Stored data
(* Let $\mathbb{Q}_2=\mathbb{Q}\times\mathbb{Q}$ and $$A:=\Big(\bigcup_{\mathbf{v}\in\mathbb{Q}_2}S(\mathbf{v},1)\Big)^c,\qquad S(\mathbf{v},1)=\{x\in\mathbb{R}^2:|x-\mathbf{v}|=1\}.$$ Then $A$ is a dense $G_\delta$ subset of $\mathbb{R}^2$ whose complement has two-dimensional Lebesgue measure zero, and $(A+S^1)\cap\mathbb{Q}_2=\emptyset$; in particular $A+S^1$ has empty interior.
   Context: $S^1$ is the Euclidean unit circle; $X+Y=\{x+y:x\in X,y\in Y\}$. *)

theory Defs
  imports "HOL-Analysis.Analysis" "HOL-Library.Set_Algebras"
begin

definition Q2 :: "(real^2) set" where
  "Q2 = {v. \<forall>i. v $ i \<in> \<rat>}"

definition Aset :: "(real^2) set" where
  "Aset = - (\<Union>v\<in>Q2. sphere v 1)"

end

theory Submission
  imports Defs
begin

text \<open>Every point of \<open>A + S\<^sup>1\<close> is at distance 1 from a point of \<open>A\<close>, so a rational point in
  \<open>A + S\<^sup>1\<close> would put a point of \<open>A\<close> on the unit circle around it, contrary to the definition
  of \<open>A\<close>. As \<open>\<rat>\<^sup>2\<close> is dense, \<open>A + S\<^sup>1\<close> therefore has empty interior. The complement of \<open>A\<close>
  is a countable union of circles, which are closed and null, so \<open>A\<close> is a co-null, hence
  dense, \<open>G\<^sub>\<delta>\<close> set.\<close>

lemma countable_rational_vectors: "countable {v :: real^'n. \<forall>i. v $ i \<in> \<rat>}"
proof -
  have "{v :: real^'n. \<forall>i. v $ i \<in> \<rat>} = vec_lambda ` (UNIV \<rightarrow>\<^sub>E \<rat>)"
  proof (intro set_eqI iffI)
    fix v :: "real^'n"
    assume "v \<in> {v. \<forall>i. v $ i \<in> \<rat>}"
    then have "vec_nth v \<in> UNIV \<rightarrow>\<^sub>E \<rat>"
      by auto
    then show "v \<in> vec_lambda ` (UNIV \<rightarrow>\<^sub>E \<rat>)"
      by (metis vec_nth_inverse image_eqI)
  qed auto
  then show ?thesis
    by (simp add: countable_PiE countable_rat)
qed

lemma closure_rational_vectors: "closure {v :: real^'n. \<forall>i. v $ i \<in> \<rat>} = UNIV"
proof -
  have "\<exists>v \<in> {v. \<forall>i. v $ i \<in> \<rat>}. dist v x < e" if "e > 0" for x :: "real^'n" and e
  proof -
    have "\<forall>i. \<exists>r. r \<in> \<rat> \<and> \<bar>r - x $ i\<bar> < e / CARD('n)"
      using \<open>e > 0\<close> by (metis rational_approximation divide_pos_pos zero_less_card_finite of_nat_0_less_iff)
    then obtain q where q: "\<And>i. q i \<in> \<rat>" "\<And>i. \<bar>q i - x $ i\<bar> < e / CARD('n)"
      by metis
    have "dist (\<chi> i. q i) x \<le> (\<Sum>i\<in>UNIV. \<bar>q i - x $ i\<bar>)"
      using norm_le_l1_cart[of "(\<chi> i. q i) - x"] by (simp add: dist_norm)
    also have "\<dots> < (\<Sum>i\<in>(UNIV :: 'n set). e / CARD('n))"
      by (intro sum_strict_mono q) auto
    also have "\<dots> = e"
      by simp
    finally show ?thesis
      using q by force
  qed
  then show ?thesis
    by (auto simp: closure_approachable)
qed

lemma interior_eq_empty_if_disjoint_dense:
  assumes "closure T = UNIV" "S \<inter> T = {}"
  shows "interior S = {}"
  using open_Int_closure_eq_empty[OF open_interior, of S T] assms interior_subset by blast

lemma closure_eq_UNIV_if_negligible_Compl:
  fixes S :: "'a::euclidean_space set"
  assumes "negligible (- S)"
  shows "closure S = UNIV"
proof -
  have "interior (- S) = {}"
    using assms open_not_negligible negligible_subset interior_subset open_interior by metis
  then show ?thesis
    by (simp add: closure_interior)
qed

lemma null_sets_lborel_if_closed_negligible:
  fixes S :: "'a::euclidean_space set"
  assumes "closed S" "negligible S"
  shows "S \<in> null_sets lborel"
  using assms null_sets_completion_iff[of S lborel]
  by (simp add: negligible_iff_null_sets borel_closed)

lemma plus_sphere_disjoint_iff:
  fixes S T :: "'a::real_normed_vector set"
  shows "(S + sphere 0 r) \<inter> T = {} \<longleftrightarrow> S \<inter> (\<Union>q\<in>T. sphere q r) = {}"
proof -
  have "q \<in> S + sphere 0 r \<longleftrightarrow> (\<exists>a \<in> S. a \<in> sphere q r)" for q
    unfolding set_plus_def by (force simp: dist_norm intro: exI[of _ "q - _"])
  then show ?thesis
    by blast
qed

lemma Compl_Aset: "- Aset = (\<Union>q\<in>Q2. sphere q 1)"
  by (simp add: Aset_def)

lemma countable_Q2: "countable Q2"
  unfolding Q2_def by (rule countable_rational_vectors)

lemma closure_Q2: "closure Q2 = UNIV"
  unfolding Q2_def by (rule closure_rational_vectors)

lemma fsigma_Compl_Aset: "fsigma_in euclidean (- Aset)"
  unfolding Compl_Aset
  by (intro fsigma_in_Union countable_image countable_Q2) (auto intro: closed_imp_fsigma_in)

lemma null_sets_Compl_Aset: "- Aset \<in> null_sets lborel"
  unfolding Compl_Aset
  by (intro null_sets_UN' countable_Q2 null_sets_lborel_if_closed_negligible negligible_sphere)
     simp

theorem mainTheorem9:
  shows "closure Aset = UNIV \<and> gdelta_in euclidean Aset \<and>
         - Aset \<in> null_sets lborel \<and>
         (Aset + sphere (0::real^2) 1) \<inter> Q2 = {} \<and>
         interior (Aset + sphere (0::real^2) 1) = {}"
proof -
  have disjoint: "(Aset + sphere (0::real^2) 1) \<inter> Q2 = {}"
    by (simp add: plus_sphere_disjoint_iff flip: Compl_Aset)
  have "negligible (- Aset)"
    using null_sets_Compl_Aset by (simp add: negligible_iff_null_sets null_sets_completionI)
  moreover have "gdelta_in euclidean Aset"
    using fsigma_Compl_Aset by (simp add: gdelta_in_fsigma_in Compl_eq_Diff_UNIV)
  moreover have "interior (Aset + sphere (0::real^2) 1) = {}"
    using interior_eq_empty_if_disjoint_dense[OF closure_Q2 disjoint] .
  ultimately show ?thesis
    using closure_eq_UNIV_if_negligible_Compl null_sets_Compl_Aset disjoint by blast
qed

end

### Problem to work on
Your task is to transcribe exactly the lines from the one with "euclidean Aset \<and>" through the end of the data, both included, and nothing besides.

### Response area
  shows "closure Aset = UNIV \<and> gdelta_in euclidean Aset \<and>
         - Aset \<in> null_sets lborel \<and>
         (Aset + sphere (0::real^2) 1) \<inter> Q2 = {} \<and>
         interior (Aset + sphere (0::real^2) 1) = {}"
proof -
  have disjoint: "(Aset + sphere (0::real^2) 1) \<inter> Q2 = {}"
    by (simp add: plus_sphere_disjoint_iff flip: Compl_Aset)
  have "negligible (- Aset)"
    using null_sets_Compl_Aset by (simp add: negligible_iff_null_sets null_sets_completionI)
  moreover have "gdelta_in euclidean Aset"
    using fsigma_Compl_Aset by (simp add: gdelta_in_fsigma_in Compl_eq_Diff_UNIV)
  moreover have "interior (Aset + sphere (0::real^2) 1) = {}"
    using interior_eq_empty_if_disjoint_dense[OF closure_Q2 disjoint] .
  ultimately show ?thesis
    using closure_eq_UNIV_if_negligible_Compl null_sets_Compl_Aset disjoint by blast
qed

end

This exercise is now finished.